Hey, cool pics! I really like the last one. Thanks for sharing!


----------



## Riverrat77 (Sep 7, 2007)

Great pictures of the "snow geese". Any bets on how many of those ugly suckers get tagged during the snow goose hunt this spring? :lol:


----------



## Moose Hollow (Apr 26, 2008)

Riverrat77 said:


> Great pictures of the "snow geese". Any bets on how many of those ugly suckers get tagged during the snow goose hunt this spring? :lol:


I think If I were you I would let those ones go.


----------



## huntinfool (Nov 1, 2007)

They look good and I bet i know where you found the Pelicans "Snow geese" LOL. I'm going back up there saturday afternoon maybe we will see you up there.


----------



## Hellsangler69 (Sep 26, 2007)

Great to see everyone's pics lately . It has been a fun to get out and taking some bird pics . I been on a learning curve but getting better at it .


----------



## Moose Hollow (Apr 26, 2008)

Hellsangler69 said:


> Great to see everyone's pics lately . It has been a fun to get out and taking some bird pics . I been on a learning curve but getting better at it .


It is alot of fun but bird are a big learning curve.

Thershershark and huntinfool and a lot more of you guy's have really got it down well.

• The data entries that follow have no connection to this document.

theorem proposition2:
  fixes g :: "'a::euclidean_space \<Rightarrow> real"
    and f :: "nat \<Rightarrow> 'a \<Rightarrow> real"
    and gradf :: "nat \<Rightarrow> 'a \<Rightarrow> 'a"
    and x s :: "nat \<Rightarrow> 'a"
    and T :: nat
    and R Gg Gf \<sigma> \<epsilon> \<alpha> :: real
  assumes T_pos: "T \<ge> 1"
    and g_convex: "convex_on UNIV g"
    (* (A1) *)
    and R_pos: "R > 0"
    and A1: "{z. g z \<le> 0} \<subseteq> cball 0 R"
    (* (A2') *)
    and f_convex: "\<And>t. t \<in> {1..T} \<Longrightarrow> convex_on UNIV (f t)"
    and f_grad: "\<And>t z. t \<in> {1..T} \<Longrightarrow> (f t has_derivative (\<lambda>h. inner (gradf t z) h)) (at z)"
    and Gf_pos: "Gf > 0"
    and A2: "\<And>t z. t \<in> {1..T} \<Longrightarrow> g z \<le> 0 \<Longrightarrow> norm (gradf t z) \<le> Gf"
    (* (A3) *)
    and Gg_pos: "Gg > 0"
    and A3: "\<And>z v. z \<in> cball 0 R \<Longrightarrow> v \<in> subdiff g z \<Longrightarrow> norm v \<le> Gg"
    (* (A4) *)
    and sigma_pos: "\<sigma> > 0" and eps_pos: "\<epsilon> > 0"
    and A4_ne: "{z. g z = - \<epsilon>} \<noteq> {}"
    and A4: "\<And>z v. g z = - \<epsilon> \<Longrightarrow> v \<in> subdiff g z \<Longrightarrow> norm v \<ge> \<sigma>"
    (* initial point and parameters *)
    and alpha: "0 < \<alpha>" "\<alpha> \<le> \<epsilon>"
    and x1: "g (x 1) \<le> - \<alpha>"
    (* the algorithm, with rho = alpha / sqrt T and eta = xi rho / (Gf Gg) *)
    and s_sub: "\<And>t. t \<in> {1..T} \<Longrightarrow> s t \<in> subdiff g (x t)"
    and x_step: "\<And>t. t \<in> {1..T} \<Longrightarrow>
        x (Suc t) = ogd_polyak_step R
            ((1 - sqrt (1 - \<sigma>\<^sup>2 / Gg\<^sup>2)) * (\<alpha> / sqrt (real T)) / (Gf * Gg))
            (\<alpha> / sqrt (real T)) g (x t) (gradf t (x t)) (s t)"
  shows "regret T f x {z. g z \<le> 0} \<le>
           (2 * Gf * Gg * R\<^sup>2 / ((1 - sqrt (1 - \<sigma>\<^sup>2 / Gg\<^sup>2)) * \<alpha>)
            + Gf * (1 - sqrt (1 - \<sigma>\<^sup>2 / Gg\<^sup>2)) * \<alpha> / (2 * Gg)
            + Gf * \<alpha> / \<sigma>) * sqrt (real T)
         \<and> (\<forall>t\<in>{1..T}. g (x t) \<le> 0)"
proof -
  define \<xi> where "\<xi> = 1 - sqrt (1 - \<sigma>\<^sup>2 / Gg\<^sup>2)"
  define sT where "sT = sqrt (real T)"
  define \<rho> where "\<rho> = \<alpha> / sT"
  define \<eta> where "\<eta> = \<xi> * \<rho> / (Gf * Gg)"
  have "1 \<le> sT" "real T = sT * sT"
    using T_pos unfolding sT_def by simp_all
  have "0 < \<rho>" "\<rho> \<le> \<alpha>"
    using alpha \<open>1 \<le> sT\<close> unfolding \<rho>_def by (auto simp: divide_le_eq mult_le_cancel_left1)
  then have rho: "0 < \<rho>" "\<rho> \<le> \<epsilon>"
    using alpha by simp_all
  have "0 < \<xi>"
    using sigma_pos Gg_pos unfolding \<xi>_def by simp
  interpret ogd_polyak_run g f gradf x s T R Gg Gf \<sigma> \<epsilon> \<eta> \<rho>
  proof unfold_locales
    show "g (x 1) \<le> - \<rho>"
      using x1 \<open>\<rho> \<le> \<alpha>\<close> by simp
    show "\<And>t. t \<in> {1..T} \<Longrightarrow> x (Suc t) = ogd_polyak_step R \<eta> \<rho> g (x t) (gradf t (x t)) (s t)"
      using x_step unfolding \<eta>_def \<xi>_def \<rho>_def sT_def .
    show "0 < \<eta>"
      using \<open>0 < \<xi>\<close> rho Gf_pos Gg_pos unfolding \<eta>_def by simp
    show "\<eta> * Gf * Gg \<le> (1 - sqrt (1 - \<sigma>\<^sup>2 / Gg\<^sup>2)) * \<rho>"
      using Gf_pos Gg_pos unfolding \<eta>_def \<xi>_def by simp
  qed (fact g_convex A1 f_convex f_grad A2 Gg_pos A3 sigma_pos A4_ne A4 rho s_sub)+
  have "2 * R\<^sup>2 / \<eta> + real T * (\<eta> * Gf\<^sup>2 / 2) + real T * (Gf * \<rho> / \<sigma>)
      = (2 * Gf * Gg * R\<^sup>2 / (\<xi> * \<alpha>) + Gf * \<xi> * \<alpha> / (2 * Gg) + Gf * \<alpha> / \<sigma>) * sqrt (real T)"
    using \<open>0 < \<xi>\<close> alpha \<open>1 \<le> sT\<close> Gf_pos Gg_pos sigma_pos
    unfolding \<eta>_def \<rho>_def \<open>real T = sT * sT\<close> sT_def[symmetric]
    by (simp add: field_simps power2_eq_square)
  then show ?thesis
    using regret_le feasible unfolding \<xi>_def by simp
qed

end
(* Let $D\subset\mathbb N^n$ be finite, not contained in any coordinate hyperplane, $p$ a prime, $\ell\ge1$, and let $\mathbf e_{-1},\mathbf e_0,\dots,\mathbf e_{\ell-1}\in\Sigma_p(D)$ (not necessarily distinct) with $\mathbf e_{-1}=\mathbf e_{\ell-1}$ and $V(\mathbf e_i,\mathbf e_{i-1})\ne\emptyset$ for $0\le i\le\ell-1$. For each $i$ choose $V_i=(v_{i\mathbf d})_{\mathbf d}\in V(\mathbf e_i,\mathbf e_{i-1})$. Then $U=(u_{\mathbf d})$ with $u_{\mathbf d}=\sum_{i=0}^{\ell-1}p^iv_{i\mathbf d}$ is a minimal element of $E_{D,p}(\ell)$ whose support satisfies $\varphi_U(i)=\mathbf e_{\ell-1-i}$ for $0\le i\le\ell-1$.
   Context: $s_p$ = base-$p$ digit sum. $E_{D,p}(r)$ = set of $U=(u_{\mathbf d})\in\{0,\dots,p^r-1\}^D$ with $\sum u_{\mathbf d}\mathbf d\equiv0\pmod{p^r-1}$ and all coordinates of $\sum u_{\mathbf d}\mathbf d$ positive; $s_p(U)=\sum s_p(u_{\mathbf d})$; $\delta_p(D)=\frac1{p-1}\min_{r\ge1}\min_{U\in E_{D,p}(r)}s_p(U)/r$; minimal means $s_p(U)=(p-1)r\delta_p(D)$. Shift $\delta_r$: $k\mapsto pk\bmod(p^r-1)$ for $k\le p^r-2$, $p^r-1\mapsto p^r-1$, coordinatewise. $\varphi_U(j)=\frac1{p^r-1}\sum\mathbf d(\delta_r^jU)_{\mathbf d}$ for $j\in\mathbb Z/r\mathbb Z$; irreducible means $\varphi_U$ injective; $MI_{D,p}$ = minimal irreducible elements of all lengths; $\Sigma_p(D)=\bigcup_{U\in MI_{D,p}}\mathrm{Im}\varphi_U$. $\psi(U)=(u_{\mathbf d}\bmod p)_{\mathbf d}$; $V(\mathbf e,\mathbf e')=\{\psi(U):U\in MI_{D,p},\varphi_U(-1)=\mathbf e,\varphi_U(0)=\mathbf e'\}$. *)

theory Defs
  imports Complex_Main "HOL-Computational_Algebra.Primes"
begin
lemma taylor_first_order_remainder_bound:
  fixes f :: "real \<Rightarrow> 'b::real_normed_vector"
  assumes ab: "a \<le> b"
    and f': "\<And>x. x \<in> {a..b} \<Longrightarrow> (f has_vector_derivative f' x) (at x within {a..b})"
    and f'': "\<And>x. x \<in> {a..b} \<Longrightarrow> (f' has_vector_derivative f'' x) (at x within {a..b})"
    and B: "\<And>x. x \<in> {a..b} \<Longrightarrow> norm (f'' x) \<le> B"
  shows "norm (f b - f a - (b - a) *\<^sub>R f' a) \<le> B * (b - a)\<^sup>2"
proof -
  have "norm (f b - f a - (b - a) *\<^sub>R f' a) \<le> norm (b - a) * (B * (b - a))"
  proof (rule vector_differentiable_bound_linearization[OF f'])
    fix x assume x: "x \<in> {a..b}"
    have "norm (f' x - f' a) \<le> B * (x - a)"
      using x by (intro norm_diff_le_vector_derivative_bound)
        (auto intro: B has_vector_derivative_within_subset[OF f''])
    also have "\<dots> \<le> B * (b - a)"
      using x B[of a] ab by (intro mult_left_mono) (auto intro: order_trans[OF norm_ge_zero])
    finally show "norm (f' x - f' a) \<le> B * (b - a)" .
  qed (use ab in \<open>auto simp: closed_segment_eq_real_ivl\<close>)
  then show ?thesis using ab by (simp add: power2_eq_square algebra_simps)
qed

lemma ode_solution_stays_in_ball:
  fixes w :: "real \<Rightarrow> 'a::real_normed_vector"
  assumes w': "\<And>s. s \<in> {0..k} \<Longrightarrow> (w has_vector_derivative F s (w s)) (at s within {0..k})"
    and F: "\<And>s y. s \<in> {0..k} \<Longrightarrow> norm (y - x) < r \<Longrightarrow> norm (F s y) \<le> L"
    and L: "L \<ge> 0" and start: "norm (w 0 - x) + L * k < r"
    and s: "s \<in> {0..k}"
  shows "norm (w s - x) < r"
proof (rule ccontr)
  assume "\<not> norm (w s - x) < r"
  have wc: "continuous_on {0..k} w"
    using w' continuous_on_eq_continuous_within has_vector_derivative_continuous by blast
  define E where "E = {0..k} \<inter> (\<lambda>t. norm (w t - x)) -` {r..}"
  \<comment> \<open>the first time the solution reaches distance \<open>r\<close>; before it the bound on \<open>F\<close> applies\<close>
  define s1 where "s1 = Inf E"
  have bE: "bdd_below E" by (auto simp: E_def bdd_below_def)
  have "closed E" unfolding E_def
    by (intro continuous_closed_preimage continuous_intros wc closed_atLeastAtMost closed_atLeast)
  moreover have "s \<in> E" using s \<open>\<not> norm (w s - x) < r\<close> by (auto simp: E_def)
  ultimately have s1E: "s1 \<in> E" unfolding s1_def using closed_contains_Inf[OF _ bE] by blast
  then have s1: "0 \<le> s1" "s1 \<le> k" by (auto simp: E_def)
  have inside: "norm (w t - x) < r" if "t \<in> {0..k}" "t < s1" for t
    using that cInf_lower[OF _ bE, of t] by (force simp: E_def s1_def)
  have w0: "norm (w 0 - x) < r" using start mult_nonneg_nonneg[OF L, of k] s by simp
  then have "0 < s1" using s1E s1 by (cases "s1 = 0") (auto simp: E_def)
  have "norm (w s1 - w 0) \<le> L * s1 - L * 0"
  proof (rule differentiable_bound_general[OF \<open>0 < s1\<close>])
    show "continuous_on {0..s1} w" using wc by (rule continuous_on_subset) (use s1 in auto)
    show "continuous_on {0..s1} (\<lambda>t. L * t)" by (intro continuous_intros)
    fix t assume t: "0 < t" "t < s1"
    then have "at t within {0..k} = at t" using s1 by (intro at_within_Icc_at) auto
    then show "(w has_vector_derivative F t (w t)) (at t)" using w'[of t] t s1 by simp
    show "((\<lambda>t. L * t) has_vector_derivative L) (at t)"
      by (auto intro!: derivative_eq_intros simp: has_real_derivative_iff_has_vector_derivative[symmetric])
    show "norm (F t (w t)) \<le> L" using t s1 by (intro F inside) auto
  qed
  then have "norm (w s1 - x) \<le> norm (w 0 - x) + L * k"
    using norm_triangle_ineq[of "w s1 - w 0" "w 0 - x"] mult_left_mono[OF s1(2) L] by simp
  then show False using start s1E by (auto simp: E_def)
qed
(* Let $(\mathcal{T}(n))_{n\ge1}$ be the delayed attachment tree process with $\beta\in[0,1)$, where $f$ satisfies Assumption 1 and $(\mu,f)$ satisfy Assumption 2. Let $Z_k(n):=\#\{v\in\mathcal{T}(n):\deg(v,n)=k\}$ and $\Psi(n):=\sum_{v\in\mathcal{T}(n)}f(\deg(v,n))=\sum_{k\ge1}f(k)Z_k(n)$. Define, for $n\ge2$, $$\pi_1(n):=\mathbb{E}[Z_1(n+1)-Z_1(n)\mid\mathcal{F}_n]-1+f(1)\frac{Z_1(n)}{\Psi(n)},$$ $$\pi_k(n):=\mathbb{E}[Z_k(n+1)-Z_k(n)\mid\mathcal{F}_n]-f(k-1)\frac{Z_{k-1}(n)}{\Psi(n)}+f(k)\frac{Z_k(n)}{\Psi(n)},\qquad k\ge2.$$ Then for every $k\ge1$, $\pi_k(n)\to0$ almost surely and in $L^1$ as $n\to\infty$.
   Context: Model. Fix $\beta\in[0,1)$, a probability distribution $\mu$ on $[0,\infty)$ (the delay distribution) and a function $f:\{1,2,\dots\}\to(0,\infty)$ (the attachment function); $\xi$ denotes a generic random variable with law $\mu$. For $x\in\mathbb{R}$ let $\lfloor x\rfloor_+:=\max\{\lfloor x\rfloor,1\}$. A sequence of random rooted trees $(\mathcal{T}(n))_{n\ge1}$ is grown as follows; $\mathcal{T}(n)$ has vertex set $\{v_1,\dots,v_n\}$ and root $\rho=v_1$. - $\mathcal{T}(1)$ consists of $v_1$ alone, and $\mathcal{T}(2)$ consists of $v_1,v_2$ with $v_1$ the parent of $v_2$. - For $j\ge i$, $\deg(v_i,j)$ is the number of children of $v_i$ in $\mathcal{T}(j)$ plus one (so $\deg(v_i,i)=1$), and $\deg(v_i,j):=0$ for $j<i$. - For $n\ge2$, given $\mathcal{T}(1),\dots,\mathcal{T}(n)$, draw $\xi_{n+1}\sim\mu$ independently of everything before and put $m:=\lfloor n-n^{\beta}\xi_{n+1}\rfloor_+$. The new vertex $v_{n+1}$ chooses its parent $v\in\mathcal{T}(m)$ with probability $f(\deg(v,m))/\sum_{u\in\mathcal{T}(m)}f(\deg(u,m))$, and $\mathcal{T}(n+1)$ is $\mathcal{T}(n)$ together with this new vertex and edge. - $\mathcal{F}_n$ denotes the $\sigma$-field generated by $\mathcal{T}(1),\dots,\mathcal{T}(n)$ and $\xi_2,\dots,\xi_n$. Assumption 1 on $f$: (i) $f_*:=\inf_{k\ge1}f(k)>0$; (ii) there is $C<\infty$ with $f(k)\le Ck$ for all $k\ge1$; (iii) for $\lambda>0$ let $\hat\rho(\lambda):=\sum_{k=1}^\infty\prod_{i=1}^k\frac{f(i)}{\lambda+f(i)}\in(0,\infty]$ and $\underline\lambda:=\inf\{\lambda>0:\hat\rho(\lambda)<\infty\}$; then $\underline\lambda<\infty$ and $\lim_{\lambda\downarrow\underline\lambda}\hat\rho(\lambda)>1$. The Malthusian parameter $\lambda^*\in(0,\infty)$ is the unique solution of $\hat\rho(\lambda^* )=1$. Assumption 2: (a) $\lim_{n\to\infty}\mathbb{E}\Big[\frac{n^\beta\xi\,\mathbf 1\{n-n^\beta\xi\ge1\}}{\lfloor n-n^\beta\xi\rfloor_+}\Big]=0$; (b) $f$ satisfies one of the following: (A) $f(k)=k+\alpha$ for all $k\ge1$, for a constant $\alpha>-1$; (B) $\lim_{k\to\infty}f(k)/k=0$ and $f$ is Lipschitz; (C) $\lim_{k\to\infty}f(k)/k=0$ and $f$ is non-decreasing. *)

theory Defs
  imports "HOL-Probability.Probability"
begin

text \<open>Vertices v_1, v_2, ... are encoded by their indices 1, 2, ...; a realisation of the
tree process is encoded by the parent map par, where par l is the index of the
parent of v_l (l \<ge> 2).\<close>

definition floor_plus :: "real \<Rightarrow> int" where
  "floor_plus x = max \<lfloor>x\<rfloor> 1"

definition tdeg :: "(nat \<Rightarrow> nat) \<Rightarrow> nat \<Rightarrow> nat \<Rightarrow> nat" where
  "tdeg par i j = (if i \<le> j then 1 + card {l \<in> {i+1..j}. par l = i} else 0)"

definition delay_time :: "real \<Rightarrow> nat \<Rightarrow> real \<Rightarrow> nat" where
  "delay_time \<beta> n x = nat (floor_plus (real n - real n powr \<beta> * x))"

text \<open>Probability that v_{n+1} chooses v_i as its parent, given the past and xi_{n+1} = x.\<close>
definition attach_prob ::
  "(nat \<Rightarrow> real) \<Rightarrow> real \<Rightarrow> nat \<Rightarrow> (nat \<Rightarrow> nat) \<Rightarrow> nat \<Rightarrow> real \<Rightarrow> real" where
  "attach_prob f \<beta> n par i x =
     (let m = delay_time \<beta> n x in
      if 1 \<le> i \<and> i \<le> m
      then f (tdeg par i m) / (\<Sum>u\<in>{1..m}. f (tdeg par u m))
      else 0)"

definition Zcount :: "(nat \<Rightarrow> nat) \<Rightarrow> nat \<Rightarrow> nat \<Rightarrow> nat" where
  "Zcount par k n = card {u \<in> {1..n}. tdeg par u n = k}"

definition Psi :: "(nat \<Rightarrow> real) \<Rightarrow> (nat \<Rightarrow> nat) \<Rightarrow> nat \<Rightarrow> real" where
  "Psi f par n = (\<Sum>u\<in>{1..n}. f (tdeg par u n))"

text \<open>The sigma-field F_n generated by T(1),...,T(n) (i.e. par 2, ..., par n) and xi_2, ..., xi_n.\<close>
definition filt :: "'a measure \<Rightarrow> (nat \<Rightarrow> 'a \<Rightarrow> nat) \<Rightarrow> (nat \<Rightarrow> 'a \<Rightarrow> real) \<Rightarrow> nat \<Rightarrow> 'a measure" where
  "filt M par xi n = sigma (space M)
     ((\<Union>k\<in>{2..n}. {par k -` {i} \<inter> space M | i. True}) \<union>
      (\<Union>k\<in>{2..n}. {xi k -` B \<inter> space M | B. B \<in> sets borel}))"

definition rho_hat :: "(nat \<Rightarrow> real) \<Rightarrow> real \<Rightarrow> ereal" where
  "rho_hat f lam = (\<Sum>k. ereal (\<Prod>i\<in>{1..Suc k}. f i / (lam + f i)))"

definition lambda_under :: "(nat \<Rightarrow> real) \<Rightarrow> real" where
  "lambda_under f = Inf {lam. lam > 0 \<and> rho_hat f lam < \<infinity>}"

definition assumption1 :: "(nat \<Rightarrow> real) \<Rightarrow> bool" where
  "assumption1 f \<longleftrightarrow>
     (\<forall>k\<ge>1. f k > 0) \<and>
     (INF k\<in>{1..}. f k) > 0 \<and>
     (\<exists>C. \<forall>k\<ge>1. f k \<le> C * real k) \<and>
     {lam. lam > 0 \<and> rho_hat f lam < \<infinity>} \<noteq> {} \<and>
     (\<exists>L. ((rho_hat f) \<longlongrightarrow> L) (at_right (lambda_under f)) \<and> L > 1)"

definition assumption2 :: "real \<Rightarrow> real measure \<Rightarrow> (nat \<Rightarrow> real) \<Rightarrow> bool" where
  "assumption2 \<beta> \<mu> f \<longleftrightarrow>
     ((\<lambda>n::nat. \<integral>x. (real n powr \<beta> * x * indicator {x. real n - real n powr \<beta> * x \<ge> 1} x)
                       / real_of_int (floor_plus (real n - real n powr \<beta> * x)) \<partial>\<mu>)
        \<longlonglongrightarrow> 0) \<and>
     ((\<exists>\<alpha>>-1. \<forall>k\<ge>1. f k = real k + \<alpha>) \<or>
      (((\<lambda>k. f k / real k) \<longlonglongrightarrow> 0) \<and>
         (\<exists>L. \<forall>j\<ge>1. \<forall>k\<ge>1. \<bar>f j - f k\<bar> \<le> L * \<bar>real j - real k\<bar>)) \<or>
      (((\<lambda>k. f k / real k) \<longlonglongrightarrow> 0) \<and> mono_on {1..} f))"

definition delayed_tree_process ::
  "'a measure \<Rightarrow> real \<Rightarrow> real measure \<Rightarrow> (nat \<Rightarrow> real) \<Rightarrow>
   (nat \<Rightarrow> 'a \<Rightarrow> nat) \<Rightarrow> (nat \<Rightarrow> 'a \<Rightarrow> real) \<Rightarrow> bool" where
  "delayed_tree_process M \<beta> \<mu> f par xi \<longleftrightarrow>
     (\<forall>n. par n \<in> measurable M (count_space UNIV)) \<and>
     (\<forall>n. xi n \<in> borel_measurable M) \<and>
     (\<forall>\<omega>\<in>space M. par 2 \<omega> = 1) \<and>
     (\<forall>n\<ge>2. \<forall>A\<in>sets (filt M par xi n). \<forall>B\<in>sets borel. \<forall>i.
        measure M {\<omega>\<in>space M. \<omega> \<in> A \<and> xi (Suc n) \<omega> \<in> B \<and> par (Suc n) \<omega> = i}
        = (\<integral>\<omega>. indicator A \<omega> *
              (\<integral>x. indicator B x * attach_prob f \<beta> n (\<lambda>l. par l \<omega>) i x \<partial>\<mu>) \<partial>M))"

definition pi_k ::
  "'a measure \<Rightarrow> (nat \<Rightarrow> real) \<Rightarrow> (nat \<Rightarrow> 'a \<Rightarrow> nat) \<Rightarrow> (nat \<Rightarrow> 'a \<Rightarrow> real) \<Rightarrow> nat \<Rightarrow> nat \<Rightarrow> 'a \<Rightarrow> real" where
  "pi_k M f par xi k n \<omega> =
     real_cond_exp M (filt M par xi n)
       (\<lambda>\<omega>. real (Zcount (\<lambda>l. par l \<omega>) k (Suc n)) - real (Zcount (\<lambda>l. par l \<omega>) k n)) \<omega>
     - (if k = 1 then 1
        else f (k - 1) * real (Zcount (\<lambda>l. par l \<omega>) (k - 1) n) / Psi f (\<lambda>l. par l \<omega>) n)
     + f k * real (Zcount (\<lambda>l. par l \<omega>) k n) / Psi f (\<lambda>l. par l \<omega>) n"

end

theory Submission
  imports Defs
begin

text \<open>Given \<open>\<F>\<^sub>n\<close>, the vertex \<open>v\<^sub>n\<^sub>+\<^sub>1\<close> attaches to \<open>v\<^sub>i\<close> with probability
  \<open>P\<^sub>i = E\<^sub>\<xi>[f(deg(v\<^sub>i,m)) / \<Psi>(m)]\<close>, \<open>m = \<lfloor>n - n\<^sup>\<beta>\<xi>\<rfloor>\<^sub>+\<close>. Attaching to a vertex of degree
  \<open>k - 1\<close> creates a vertex of degree \<open>k\<close> and attaching to one of degree \<open>k\<close> destroys one, so
  \<open>E[Z\<^sub>k(n+1) - Z\<^sub>k(n) | \<F>\<^sub>n]\<close> is a sum of the \<open>P\<^sub>i\<close>, and \<open>\<pi>\<^sub>k(n)\<close> is the difference of the
  mean errors \<open>E\<^sub>\<xi>[\<Sum>\<^bsub>deg(v,n) = j\<^esub> f(deg(v,m))/\<Psi>(m) - f(j) Z\<^sub>j(n)/\<Psi>(n)]\<close> for \<open>j = k - 1, k\<close>.
  Between the times \<open>m\<close> and \<open>n\<close> only \<open>n - m\<close> edges arrive; since \<open>f\<close> is affine, Lipschitz, or
  sublinear and monotone, \<open>|f(d') - f(d)| \<le> \<delta> d' + K (d' - d)\<close> for every \<open>\<delta> > 0\<close>, and the
  error is at most \<open>A (n - m)/m + B \<delta>\<close>, uniformly in the tree. For every \<open>\<xi> \<ge> 0\<close> the ratio
  \<open>(n - m)/m\<close> tends to 0 because \<open>\<beta> < 1\<close>, and the error is bounded by 1, so by dominated
  convergence the mean errors tend to 0 uniformly in the tree; a uniform deterministic bound
  gives both almost sure and \<open>L\<^sup>1\<close> convergence.\<close>

lemma tdeg_split:
  assumes "i \<le> m" "m \<le> n"
  shows "tdeg p i n = tdeg p i m + card {l\<in>{m+1..n}. p l = i}"
proof -
  have "{l\<in>{i+1..n}. p l = i} = {l\<in>{i+1..m}. p l = i} \<union> {l\<in>{m+1..n}. p l = i}"
    using assms by auto
  moreover have "card ({l\<in>{i+1..m}. p l = i} \<union> {l\<in>{m+1..n}. p l = i})
     = card {l\<in>{i+1..m}. p l = i} + card {l\<in>{m+1..n}. p l = i}"
    by (rule card_Un_disjoint) auto
  ultimately show ?thesis using assms by (simp add: tdeg_def)
qed

lemma tdeg_mono: "i \<le> m \<Longrightarrow> m \<le> n \<Longrightarrow> tdeg p i m \<le> tdeg p i n"
  using tdeg_split[of i m n p] by simp

lemma tdeg_ge_1: "i \<le> j \<Longrightarrow> 1 \<le> tdeg p i j"
  by (simp add: tdeg_def)

lemma tdeg_Suc: "i \<le> n \<Longrightarrow> tdeg p i (Suc n) = tdeg p i n + (if p (Suc n) = i then 1 else 0)"
proof -
  assume "i \<le> n"
  moreover have "{l\<in>{n+1..Suc n}. p l = i} = (if p (Suc n) = i then {Suc n} else {})" by auto
  ultimately show ?thesis using tdeg_split[of i n "Suc n" p] by simp
qed

lemma tdeg_cong:
  assumes "\<forall>l\<in>{i+1..j}. p l = q l"
  shows "tdeg p i j = tdeg q i j"
proof -
  have "{l\<in>{i+1..j}. p l = i} = {l\<in>{i+1..j}. q l = i}"
    using assms by (intro Collect_cong) (metis atLeastAtMost_iff)
  then show ?thesis by (simp add: tdeg_def)
qed

lemma sum_card_fibres_le:
  assumes "finite L"
  shows "(\<Sum>i\<in>I. card {l\<in>L. p l = i}) \<le> card L"
proof (cases "finite I")
  case True
  then have "(\<Sum>i\<in>I. card {l\<in>L. p l = i}) = card (\<Union>i\<in>I. {l\<in>L. p l = i})"
    using assms by (intro card_UN_disjoint[symmetric]) auto
  also have "\<dots> \<le> card L" using assms by (intro card_mono) auto
  finally show ?thesis .
qed simp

The best part of it for me is just getting out all the time and enjoying life in the outdoors
and meeting alot of good people.


----------



## Bax* (Dec 14, 2008)

Those are great pics!

But I do believe that the last one is a FAKE! Pheasants are a myth!!! No longer found in Utah


----------



## Moose Hollow (Apr 26, 2008)

Bax* said:


> Those are great pics!
> 
> But I do believe that the last one is a FAKE! Pheasants are a myth!!! No longer found in Utah


I know I was pretty suprised to see one myself up at farmington bay there were 3 hens with him.

I wished there were more around I miss those days.


----------



## dkhntrdstn (Sep 7, 2007)

The ring one is cool. nice job. the wood ducks are a dam pretty duck.


----------